FIG. 19 is a cross-sectional view of a starter / generator according to a conventional apparatus.

FIG. 20 is a view of a stator portion of a starter / generator according to the related art, as viewed from an end of a crankshaft shaft.

[Explanation of symbols]

DESCRIPTION OF SYMBOLS 1 ... Starter combined generator, 2 ... Swing unit, 28 ... Sensor case, 29 ... Rotor angle sensor, 30 ... Pulser sensor, 31 ... Substrate, 32 ... Wire harness, 33 ... Magnet ring, 50 ... Stator, 60 ... Outer rotor, 72 ... Sensor case, 73: bolt (fastening means), 201: crankshaft

──────────────────────────────────────────────────続 き Continued on the front page (51) Int.Cl. ⁷ Identification symbol FI Theme coat ゛ (Reference) H02K 7/18 H02K 7/18 B // G01B 7/30 101 G01B 7/30 101B G01D 5/245 G01D 5 / 245 X (72) Kuniaki Ikui 4-1-1 Chuo, Wako-shi, Saitama F-term in Honda R & D Co., Ltd. (Reference) 2F063 AA35 BA30 BD16 DA05 DD05 EA03 GA52 GA68 KA02 PA01 ZA01 2F077 CC02 CC08 NN04 NN17 NN24 PP12 PP14 QQ02 QQ11 VV01 VV21 3G019 HA02 HA09 HA13 5H607 BB02 CC07 DD03 FF22 HH01

Claims (7)

[Claims] 1. A starter / generator provided with a brushless rotating electric machine on a crankshaft portion of an engine, further comprising a rotor angle sensor for detecting a rotation angle of the rotating electric machine, wherein the rotor angle sensor is attached to a stator of the rotating electric machine.

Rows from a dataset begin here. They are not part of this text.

lemma bellman_residual_S_policy_passive:
  fixes \<beta> :: real
  assumes "0 \<le> \<beta>" "\<beta> < 1" "k \<in> N" "k \<notin> S \<union> N1"
  shows "bellman_residual N p0 \<beta> (act_meas N p0 p1 \<beta> \<theta> (S_policy N1 S)) k = 0"
  using act_meas_bellman[where v = "S_policy N1 S", OF S_policy_range assms(1-3)] assms(4)
  by (simp add: bellman_residual_def S_policy_def policy_kernel_def)

end

lemma workload_eq_bellman_residuals:
  fixes N01 N1 S :: "'s set" and p0 p1 :: "'s \<Rightarrow> 's \<Rightarrow> real" and \<beta> :: real and \<theta> :: "'s \<Rightarrow> real"
  assumes "k \<in> N01"
  defines "b \<equiv> act_meas (N01 \<union> N1) p0 p1 \<beta> \<theta> (S_policy N1 S)"
  shows "workload N01 N1 p0 p1 \<beta> \<theta> S k
    = \<theta> k + bellman_residual (N01 \<union> N1) p0 \<beta> b k - bellman_residual (N01 \<union> N1) p1 \<beta> b k"
  using assms by (simp add: workload_def bellman_residual_def sum_subtractf left_diff_distrib right_diff_distrib)

lemma S_policy_residual_term:
  fixes \<beta> y0 y1 :: real and \<theta> :: "'s \<Rightarrow> real"
  assumes "two_action_mdp (N01 \<union> N1) p0 p1" "N01 \<inter> N1 = {}" "S \<subseteq> N01" "0 \<le> \<beta>" "\<beta> < 1"
    and "k \<in> N01 \<union> N1" "k \<in> N1 \<Longrightarrow> y0 = 0"
  defines "b \<equiv> act_meas (N01 \<union> N1) p0 p1 \<beta> \<theta> (S_policy N1 S)"
    and "w \<equiv> workload N01 N1 p0 p1 \<beta> \<theta> S"
  shows "bellman_residual (N01 \<union> N1) p1 \<beta> b k * y1 + bellman_residual (N01 \<union> N1) p0 \<beta> b k * y0
    = \<theta> k * y1 + (if k \<in> S then w k * y0 else 0) - (if k \<in> N01 - S then w k * y1 else 0)"
proof -
  interpret two_action_mdp "N01 \<union> N1" p0 p1 by fact
  let ?r1 = "bellman_residual (N01 \<union> N1) p1 \<beta> b" and ?r0 = "bellman_residual (N01 \<union> N1) p0 \<beta> b"
  have active_residual: "?r1 k = \<theta> k" if "k \<in> S \<union> N1"
    unfolding b_def using assms(4-6) that by (intro bellman_residual_S_policy_active)
  have workload: "w k = \<theta> k + ?r0 k - ?r1 k" if "k \<in> N01"
    using workload_eq_bellman_residuals[OF that] by (simp add: w_def b_def)
  consider "k \<in> S" | "k \<in> N1" | "k \<in> N01 - S"
    using assms(6) by blast
  then show ?thesis
  proof cases
    case 1
    then show ?thesis using assms(3) active_residual workload by auto
  next
    case 2
    then show ?thesis using assms(2,7) active_residual by auto
  next
    case 3
    have passive_residual: "?r0 k = 0"
      unfolding b_def using assms(2,4-6) 3 by (intro bellman_residual_S_policy_passive) auto
    then have "?r1 k = \<theta> k - w k"
      using 3 workload by simp
    then show ?thesis
      using 3 passive_residual by (simp add: left_diff_distrib)
  qed
qed

lemma sum_if_mem_subset:
  "finite A \<Longrightarrow> B \<subseteq> A \<Longrightarrow> (\<Sum>k\<in>A. if k \<in> B then f k else 0) = sum f B"
  by (intro sum.mono_neutral_cong_right) auto

theorem proposition4:
  fixes N01 N1 :: "'s set" and p0 p1 :: "'s \<Rightarrow> 's \<Rightarrow> real" and \<beta> :: real
    and \<theta> :: "'s \<Rightarrow> real" and u :: "'s \<Rightarrow> real" and S :: "'s set" and i :: 's
  assumes fin: "finite (N01 \<union> N1)"
    and disj: "N01 \<inter> N1 = {}"
    and p0_nonneg: "\<And>k j. k \<in> N01 \<union> N1 \<Longrightarrow> j \<in> N01 \<union> N1 \<Longrightarrow> p0 k j \<ge> 0"
    and p1_nonneg: "\<And>k j. k \<in> N01 \<union> N1 \<Longrightarrow> j \<in> N01 \<union> N1 \<Longrightarrow> p1 k j \<ge> 0"
    and p0_stoch: "\<And>k. k \<in> N01 \<union> N1 \<Longrightarrow> (\<Sum>j\<in>N01 \<union> N1. p0 k j) = 1"
    and p1_stoch: "\<And>k. k \<in> N01 \<union> N1 \<Longrightarrow> (\<Sum>j\<in>N01 \<union> N1. p1 k j) = 1"
    and p_N1: "\<And>k j. k \<in> N1 \<Longrightarrow> j \<in> N01 \<union> N1 \<Longrightarrow> p1 k j = p0 k j"
    and beta: "0 < \<beta>" "\<beta> < 1"
    and theta_pos: "\<And>j. j \<in> N01 \<union> N1 \<Longrightarrow> \<theta> j > 0"
    and u_range: "\<And>j. j \<in> N01 \<union> N1 \<Longrightarrow> 0 \<le> u j \<and> u j \<le> 1"
    and u_N1: "\<And>j. j \<in> N1 \<Longrightarrow> u j = 1"
    and S_sub: "S \<subseteq> N01"
    and i_in: "i \<in> N01 \<union> N1"
  shows "act_meas (N01 \<union> N1) p0 p1 \<beta> \<theta> u i
           + (\<Sum>j\<in>S. workload N01 N1 p0 p1 \<beta> \<theta> S j * occ (N01 \<union> N1) p0 p1 \<beta> u 0 i j)
         = act_meas (N01 \<union> N1) p0 p1 \<beta> \<theta> (S_policy N1 S) i
           + (\<Sum>j\<in>N01 - S. workload N01 N1 p0 p1 \<beta> \<theta> S j * occ (N01 \<union> N1) p0 p1 \<beta> u 1 i j)"
proof -
  let ?N = "N01 \<union> N1"
  let ?x = "\<lambda>a. occ ?N p0 p1 \<beta> u a i"
  let ?b = "act_meas ?N p0 p1 \<beta> \<theta> (S_policy N1 S)" and ?w = "workload N01 N1 p0 p1 \<beta> \<theta> S"
  have mdp: "two_action_mdp ?N p0 p1"
    using fin p0_nonneg p1_nonneg p0_stoch p1_stoch by unfold_locales
  have passive_N1: "?x 0 k = 0" if "k \<in> N1" for k
    using that by (simp add: occ_def sa_prob_def u_N1)
  have "?b i = (\<Sum>k\<in>?N. bellman_residual ?N p1 \<beta> ?b k * ?x 1 k + bellman_residual ?N p0 \<beta> ?b k * ?x 0 k)"
    using two_action_mdp.occ_residual_decomposition[OF mdp] u_range beta i_in by simp
  also have "\<dots> = (\<Sum>k\<in>?N. \<theta> k * ?x 1 k + (if k \<in> S then ?w k * ?x 0 k else 0)
                                  - (if k \<in> N01 - S then ?w k * ?x 1 k else 0))"
    using S_policy_residual_term[OF mdp disj S_sub] beta passive_N1 by (intro sum.cong) auto
  also have "\<dots> = (\<Sum>k\<in>?N. \<theta> k * ?x 1 k) + (\<Sum>k\<in>S. ?w k * ?x 0 k) - (\<Sum>k\<in>N01 - S. ?w k * ?x 1 k)"
    using S_sub
    by (simp only: sum.distrib sum_subtractf sum_if_mem_subset[OF fin] le_supI1 Diff_subset)
  also have "(\<Sum>k\<in>?N. \<theta> k * ?x 1 k) = act_meas ?N p0 p1 \<beta> \<theta> u i"
    using two_action_mdp.act_meas_eq_occ[OF mdp] u_range beta i_in by simp
  finally show ?thesis
    by simp
qed

end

A starter / generator that is characterized in that: 2. The stator according to claim 1, wherein the rotor angle sensor is disposed on an engine side of the stator.
The starter / generator according to claim 1, wherein the generator is mounted by fastening means engaging from the opposite side of the engine. 3. A rotor connected to a crankshaft of an engine.
And a brushless starter / generator having a stator, comprising a pulser sensor for ignition trigger and a rotor angle sensor housed in a common sensor case on the stator and arranged close to each other. Starter dual-purpose generator. 4. The starter / generator according to claim 3, wherein in the crankshaft direction, the pulsar sensor is arranged closer to the engine, and the rotor angle sensor is arranged closer to the end of the crankshaft. 5. The generator according to claim 3, wherein the pulser sensor and the rotor angle sensor are arranged at regular intervals in the rotation direction of the crankshaft. 6. The rotor angle sensor includes a plurality of elements arranged in a row in the crankshaft rotation direction, and the pulsar sensor is located within a width of the rotor angle sensor including the plurality of elements within the crankshaft rotation direction width. The generator combined with a starter according to claim 3 or 4, wherein the generator is arranged. 7. The magnet insertion hole, wherein the rotor has a substantially cylindrical rotor yoke having an inner peripheral surface along an outer periphery of the stator, and a plurality of magnet insertion holes are arranged in a circumferential direction of the rotor yoke. The starter / generator according to claim 3, wherein a permanent magnet is inserted into the rotor yoke with a partial gap provided between the rotor yokes.